En
medio de violencia, racismo, amenazas y contramigración, la reunión de la ONU se
efectuó bajo el signo de creciente ineficacia y pasmosa incapacidad para instaurar
la anhelada era de paz entre los pueblos.
Escudo
de los débiles, el derecho internacional da la impresión de haberse convertido en normas de “nomine”, para ser
objeto de violaciones sin fin por parte de las naciones poderosas; inclusive
por los Estados más indefensos.
En
el país sede del máximo organismo mundial, Estados Unidos, la discriminación
vuelve como si jamás hubiese existido un Martin Luther King, y como si nunca hubiesen tenido lugar los sueños de igualdad.

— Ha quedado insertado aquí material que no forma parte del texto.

lemma finite_nonzero_coeffs:
  "finite S \<Longrightarrow> finite (nonzero_coeffs S :: ('i \<Rightarrow> 'a::{finite,zero}) set)"
  unfolding nonzero_coeffs_def by (rule finite_subset[OF _ finite_PiE]) auto

lemma card_nonzero_coeffs:
  assumes "finite S"
  shows "card (nonzero_coeffs S :: ('i \<Rightarrow> 'a::{finite,zero}) set) = CARD('a) ^ card S - 1"
proof -
  have "nonzero_coeffs S = PiE S (\<lambda>_. UNIV :: 'a set) - {restrict (\<lambda>_. 0) S}"
    by (auto simp: nonzero_coeffs_def PiE_def extensional_def fun_eq_iff)
  then show ?thesis
    using assms by (simp add: card_Diff_singleton card_PiE)
qed

lemma span_image_subset_range_lincomb:
  fixes u :: "'i \<Rightarrow> 'a::field ^ 'n"
  assumes "finite S"
  shows "vec.span (u ` S) \<subseteq> range (\<lambda>c. \<Sum>i\<in>S. c i *s u i)"
proof (rule vec.span_minimal)
  show "u ` S \<subseteq> range (\<lambda>c. \<Sum>i\<in>S. c i *s u i)"
  proof
    fix x assume "x \<in> u ` S"
    then obtain i where "i \<in> S" "x = u i" by auto
    then have "x = (\<Sum>j\<in>S. (if j = i then 1 else 0) *s u j)"
      using assms by (simp add: if_distrib[of "\<lambda>t. t *s _"] cong: if_cong)
    then show "x \<in> range (\<lambda>c. \<Sum>i\<in>S. c i *s u i)"
      by (rule range_eqI[where x = "\<lambda>j. if j = i then 1 else 0"])
  qed
  show "vec.subspace (range (\<lambda>c. \<Sum>i\<in>S. c i *s u i))"
    unfolding vec.subspace_def
  proof (intro conjI ballI allI)
    show "0 \<in> range (\<lambda>c. \<Sum>i\<in>S. c i *s u i)"
      by (rule range_eqI[where x = "\<lambda>_. 0"]) simp
    fix x y k
    assume "x \<in> range (\<lambda>c. \<Sum>i\<in>S. c i *s u i)" "y \<in> range (\<lambda>c. \<Sum>i\<in>S. c i *s u i)"
    then obtain cx cy where x: "x = (\<Sum>i\<in>S. cx i *s u i)" and y: "y = (\<Sum>i\<in>S. cy i *s u i)"
      by auto
    have "x + y = (\<Sum>i\<in>S. (cx i + cy i) *s u i)"
      by (simp add: x y vector_sadd_rdistrib sum.distrib)
    then show "x + y \<in> range (\<lambda>c. \<Sum>i\<in>S. c i *s u i)"
      by (intro range_eqI)
    have "k *s x = (\<Sum>i\<in>S. (k * cx i) *s u i)"
      by (simp add: x vec.scale_sum_right vector_smult_assoc)
    then show "k *s x \<in> range (\<lambda>c. \<Sum>i\<in>S. c i *s u i)"
      by (intro range_eqI)
  qed
qed

lemma sum_span_le_sum_nonzero_lincomb:
  fixes f :: "'a::{finite,field} ^ 'n \<Rightarrow> real" and S :: "'i set"
  assumes f: "\<And>x. f x \<ge> 0" and "finite S"
  shows "(\<Sum>w\<in>vec.span (u ` S). f w) \<le> f 0 + (\<Sum>c\<in>nonzero_coeffs S. f (\<Sum>i\<in>S. c i *s u i))"
proof -
  let ?lincomb = "\<lambda>c. \<Sum>i\<in>S. c i *s u i"
  have "vec.span (u ` S) - {0} \<subseteq> ?lincomb ` nonzero_coeffs S"
  proof
    fix w assume w: "w \<in> vec.span (u ` S) - {0}"
    then obtain c where c: "w = ?lincomb c"
      using span_image_subset_range_lincomb[OF \<open>finite S\<close>, of u] by auto
    then have "?lincomb (restrict c S) = w" and "\<exists>i\<in>S. c i \<noteq> 0"
      using w by (auto intro: sum.neutral)
    then show "w \<in> ?lincomb ` nonzero_coeffs S"
      unfolding nonzero_coeffs_def by (intro image_eqI[of _ _ "restrict c S"]) auto
  qed
  then have "(\<Sum>w\<in>vec.span (u ` S) - {0}. f w) \<le> (\<Sum>w\<in>?lincomb ` nonzero_coeffs S. f w)"
    by (intro sum_mono2) (auto simp: f)
  also have "\<dots> \<le> (\<Sum>c\<in>nonzero_coeffs S. f (?lincomb c))"
    using sum_image_le[OF finite_nonzero_coeffs[OF \<open>finite S\<close>], of f ?lincomb] by (simp add: f o_def)
  finally show ?thesis
    by (simp add: sum.remove[OF finite vec.span_zero])
qed
(* In the single expert committee under liquid democracy, there is a neutral strategy profile that maximizes the probability that the outcome matches the state among all neutral strategy profiles and under which (1) the expert votes sincerely, and (2) $1\le v_e\le\min\{\lfloor w^*\rfloor,\ (N+1)/2\}$, where $v_e$ is the number of votes the expert holds and $w^*=\log\big(\tfrac{r}{1-r}\big)/\log\big(\tfrac{q}{1-q}\big)$.
   Context: Single expert committee: $N$ voters with $N$ odd, all independent (payoff 1 if the outcome matches the state, $A$ with $a$ and $B$ with $b$, else 0); $N-1$ nonexperts of precision $q\in(1/2,1)$ and one expert $e$ of precision $r\in(q,1)$; prior $\Pr(\omega=a)=1/2$ for state $\omega\in\{a,b\}$; voter $i$ observes private signal $s_i$ with $\Pr(s_i=\omega\mid\omega)=q_i$, conditionally independent; precisions are common knowledge. Outcome: simple majority of votes cast, ties broken uniformly at random. Liquid democracy: each voter maps her signal to vote $A$, vote $B$, abstain, or delegate to another voter; delegation is transitive, votes in a delegation cycle are abstained, and a non-delegator casts all votes she holds (own plus delegated) for the same alternative or abstains them all. A strategy profile is neutral if each voter votes sincerely ($a$ at signal $a$, $b$ at signal $b$), abstains at both signals, or delegates to the same voter at both signals. The number of votes a voter holds is her own vote (if she does not delegate) plus all votes delegated to her directly or transitively. *)

theory Defs
  imports Complex_Main
begin

text \<open>Voters are 0, ..., N-1. A neutral strategy of a voter is one of:
  vote sincerely (a at signal a, b at signal b), abstain at both signals,
  or delegate to the same voter j at both signals.\<close>

datatype action = Sincere | Abstain | Deleg nat

definition is_deleg :: "action \<Rightarrow> bool" where
  "is_deleg x = (case x of Deleg _ \<Rightarrow> True | _ \<Rightarrow> False)"

definition neutral :: "nat \<Rightarrow> (nat \<Rightarrow> action) \<Rightarrow> bool" where
  "neutral N s = (\<forall>i<N. \<forall>j. s i = Deleg j \<longrightarrow> j < N \<and> j \<noteq> i)"
lemma square_absorbs: "absorbs (a \<odot> a) (a \<odot> b)"
  unfolding absorbs_def
  by (rule sigma_axiom_instance[of "Var 0 \<odot> Var 0" "Var 0 \<odot> Var 0 \<oplus> Var 0 \<odot> Var 1" "nth [a, b]"])
    (simp_all add: Sigma_4_471_def)

lemma absorbs_triple_product: "absorbs u (a \<odot> b \<odot> c)"
  unfolding absorbs_def
  by (rule sigma_axiom_instance[of "Var 1" "Var 1 \<oplus> Var 2 \<odot> Var 3 \<odot> Var 4" "nth [u, u, a, b, c]"])
    (simp_all add: Sigma_4_471_def)

lemma product_absorbs_product_on_same_factors:
  assumes "p \<in> {a, b}" "q \<in> {a, b}"
  shows "absorbs (p \<odot> q) (a \<odot> b)"
  using assms
  by (auto intro: absorbs_refl absorbs_if_provable times_comm square_absorbs
      absorbs_trans[OF square_absorbs absorbs_if_provable[OF times_comm]])

lemma absorbs_product_if_absorbs_pairs:
  assumes "\<forall>x\<in>var_summands a. \<forall>y\<in>var_summands b. absorbs u (Var x \<odot> Var y)"
  shows "absorbs u (a \<odot> b)"
  using assms
proof (induction a arbitrary: b)
  case (Var x)
  then show ?case
  proof (induction b)
    case (Var y)
    then show ?case by simp
  next
    case (Plus b1 b2)
    then have "absorbs u (Var x \<odot> b1 \<oplus> Var x \<odot> b2)"
      by (intro absorbs_plus) auto
    then show ?case
      by (rule absorbs_cong_right[OF times_distrib_left])
  next
    case (Times c d)
    show ?case
      by (rule absorbs_cong_right[OF derivable.sym[OF times_assoc] absorbs_triple_product])
  qed
next
  case (Plus a1 a2)
  then have "absorbs u (a1 \<odot> b \<oplus> a2 \<odot> b)"
    by (intro absorbs_plus) auto
  then show ?case
    by (rule absorbs_cong_right[OF times_distrib_right])
next
  case (Times c d)
  show ?case
    by (rule absorbs_triple_product)
qed

end

text \<open>Membership in \<open>{E1, E4}\<close> and in \<open>{E1, E3}\<close> are the two coordinates of the
  Boolean lattice \<open>(S, addS)\<close>.\<close>

lemma addS_in_E1_E4_iff: "addS a b \<in> {E1, E4} \<longleftrightarrow> a \<in> {E1, E4} \<or> b \<in> {E1, E4}"
  by (cases a; cases b) auto

lemma addS_in_E1_E3_iff: "addS a b \<in> {E1, E3} \<longleftrightarrow> a \<in> {E1, E3} \<or> b \<in> {E1, E3}"
  by (cases a; cases b) auto

lemma mulS_notin_E1_E4: "mulS a b \<notin> {E1, E4}"
  by (cases a; cases b) auto

lemma mulS_in_E1_E3_iff: "mulS a b \<in> {E1, E3} \<longleftrightarrow> a \<in> {E1, E4} \<and> b \<in> {E1, E4}"
  by (cases a; cases b) auto

lemma evalS_in_E1_E4_iff:
  "evalS \<rho> t \<in> {E1, E4} \<longleftrightarrow> (\<exists>x\<in>var_summands t. \<rho> x \<in> {E1, E4})"
  by (induction t) (auto simp: addS_in_E1_E4_iff mulS_notin_E1_E4 simp del: insert_iff)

Y mucho menos, que hubiese ocurrido la época
de dignificación de la persona humana en cuanto tal.
Campeón
de campeones en lo que se refiere a la batalla contra la esclavitud, en el país
de Lincoln se hizo realidad, cuesta arriba, la meta de la igualdad racial a
través de una nación que abrió las puertas de escuelas y universidades a los
niños, adolescentes y jóvenes de color.
Asimismo,
en el despuntar de este siglo se ganó una victoria más con el sorpresivo
triunfo presidencial de un candidato emergente salido de los enclaves de la
discriminación.
La
Casa Blanca ha dejado, por ahora, de ser símbolo de la aristocracia y del
exclusivismo racial para convertirse en ámbito de la causa igualitaria y de la
obtención del poder por medio del talento, la capacidad y la destreza política
al servicio de la sociedad.
Apenas
audible, la voz de México se hizo notar en la ONU llevando un mensaje de
tolerancia, comprensión y filantropía ante el terrorismo abanderado por las
huestes islámicas inspiradas por un fanatismo y crueldad pocas veces visto.
Atrás
habían quedado los ecos de la oratoria mexicana, elocuente y persuasiva, de mediados de la anterior centuria. Sobre
todo, de los años sesenta y setenta en que México conmovió a través de sus
intervenciones pacifistas y en contra de la proliferación de las armas
destructoras.
Antes
de Peña Nieto, en los tres últimos sexenios, nuestro país dio la impresión de
ser un ente del que se habría apoderado el mutismo en el seno de la ONU, dejando
en el olvido las intervenciones de un Adolfo López Mateos por mencionar el
liderazgo internacional que había devuelto el prestigio sembrado y hecho
fructificar el Benemérito desde su tumba.
Por
momentos se hizo sentir, en forma de lampos, las luces emanadas del Tratado de
Tlatelolco con motivo de la participación airada de Corea del Norte en el seno
de la Asamblea advirtiendo, en forma de ultimátum, su determinación en palabras
de su ministro de Relaciones Exteriores: la opción nuclear, aseveró en torno
amenazante, es la única que tiene Corea del Norte para defenderse.
Del
Preámbulo del Tratado son estas palabras: Las armas nucleares contienen terribles
efectos que alcanzan indistinta e ineludiblemente tanto a las fuerzas militares
como a la población civil. Constituyen, por la radioactividad que generan, un
atentado a la integridad de la especie humana y aún pueden tornar finalmente
toda la Tierra inhabitable.
Como
un callejón sin salida parecerían volverse las sombrías advertencias de los
norcoreanos. Voz en el desierto, las de Japón, China, Corea del Sur.
Nada
se conseguiría con la propuesta de este último país en el sentido de quitar,
despojándolo, a Corea del Norte, su estatus como miembro de la ONU.
Mientras
el primitivismo bélico invoca la llamada guerra justa, es de esperar que se
convalide la tesis del cosmopolitismo fundado en un derecho internacional con
tribunales eficaces que prevengan, con arreglo al convencimiento y la
imputación.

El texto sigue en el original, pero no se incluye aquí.